Handling the missing values: Imputation method is used to handle the missing values.
# Detect the outliers in all numeric variables using box-plot
boxplot(GDP_dp_3$`GDP (current US$) in 2007`, main = "Box plot of GDP in 2007")
boxplot(GDP_dp_3$`GDP (current US$) in 2017`, main = "Box plot of GDP in 2017")
boxplot(GDP_dp_3$GDP_growth, main = "Box plot of GDP growth in 2007 to 2017 for the country")
# Detect the outliers using z-scores
outliers_GDP_2007<-na.omit(GDP_dp_3$`GDP (current US$) in 2007`) #Exclude missing values
z.scores_a <- outliers_GDP_2007 %>% scores(type = "z")
summary(z.scores_a)
## Min. 1st Qu. Median Mean 3rd Qu. Max.
## -0.2716 -0.2707 -0.2668 0.0000 -0.2189 8.4305
outliers_GDP_2017<-na.omit(GDP_dp_3$`GDP (current US$) in 2017`)
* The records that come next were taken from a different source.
theorem proposition9:
  fixes X :: "real set" and c :: "'n::finite \<Rightarrow> real"
    and W :: "'n \<Rightarrow> ennreal \<Rightarrow> ennreal" and \<mu> :: "'n \<Rightarrow> 'n query \<Rightarrow> ennreal"
  assumes "bounded X"
    and "\<And>i. c i > 0"
    and "\<And>i e. W i e = ennreal (c i) * e"
    and "\<And>i q v. \<mu> i (q, v) = ennreal (gamma X * c i / sqrt (v / 2) * \<bar>q $ i\<bar>)"
  shows "\<forall>i. fair i (\<mu> i) \<and> arbitrage_free (\<mu> i) \<and> compensating X i (W i) (\<mu> i)"
proof (intro allI conjI)
  fix i
  have \<mu>_eq: "\<mu> i = (\<lambda>Q. ennreal (laplace_price (gamma X * c i) i Q))"
    by (auto simp: fun_eq_iff laplace_price_def assms(4))
  show "fair i (\<mu> i)"
    by (simp add: fair_def assms(4))
  show "arbitrage_free (\<mu> i)"
    unfolding \<mu>_eq by (rule arbitrage_free_laplace_price)
  show "compensating X i (W i) (\<mu> i)"
    unfolding compensating_def
  proof (intro allI impI)
    fix Q :: "'n query"
    assume "is_query Q"
    then obtain q v where Q: "Q = (q, v)" and "v > 0" by (cases Q) (auto simp: is_query_def)
    have "W i (privacy_loss X i Q) \<le> ennreal (c i) * ennreal (gamma X * \<bar>q $ i\<bar> / sqrt (v / 2))"
      unfolding assms(3) Q using privacy_loss_le[OF assms(1) \<open>v > 0\<close>] by (rule mult_left_mono) simp
    also have "\<dots> = \<mu> i Q"
      using assms(2)[of i] by (simp add: Q assms(4) field_simps flip: ennreal_mult')
    finally show "W i (privacy_loss X i Q) \<le> \<mu> i Q" .
  qed
qed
z.scores_b <- outliers_GDP_2017 %>% scores(type = "z")
summary(z.scores_b)
## Min. 1st Qu. Median Mean 3rd Qu. Max.
## -0.2993 -0.2982 -0.2932 0.0000 -0.2411 8.5029
outliers_GDP_growth<-na.omit(GDP_dp_3$GDP_growth)
z.scores_c <- outliers_GDP_growth %>% scores(type = "z")
summary(z.scores_c)
## Min. 1st Qu. Median Mean 3rd Qu. Max.
## -1.6587 -0.7129 -0.2283 0.0000 0.5634 5.8823
#to locate the outliers in GDP growth rate variable
head(which(abs(z.scores_c)>3))
## [1] 64 114 151 232
#total number of outliers according to the z-score
length(which(abs(z.scores_c)>3))
## [1] 4
cap <- function(x){
quantiles <- quantile( x, c(.05, 0.25, 0.75, .95))
x[ x < quantiles[2] - 1.5*IQR(x) ] <- quantiles[1]
x[ x > quantiles[3] + 1.5*IQR(x) ] <- quantiles[4]
x
}
outliers_GDP_growth_Cap<- outliers_GDP_growth%>% cap()
summary(outliers_GDP_growth_Cap)
## Min. 1st Qu. Median Mean 3rd Qu. Max.
## -43.56 19.27 51.45 63.26 104.05 213.68
#Mathematical Operations transformation
hist(GDP_dp_3$GDP_growth, main = "Histogram of GDP growth rate in percentge in last 10 years",col="lightblue")
hist(sqrt(GDP_dp_3$GDP_growth), main = "GDP growth rate in percentge in last 10 years by sqrt",col="pink")
## Warning in sqrt(GDP_dp_3$GDP_growth): NaNs produced
I have performed the data alteration via mathematical methods to reduce the skewness and modify the distribution into a normal distribution. The distribution of the numeric variable (GDP growth) as shown in the histogram is a quite right-skewed. One of the advised methods to lower the right skewness in the spread by taking the square root.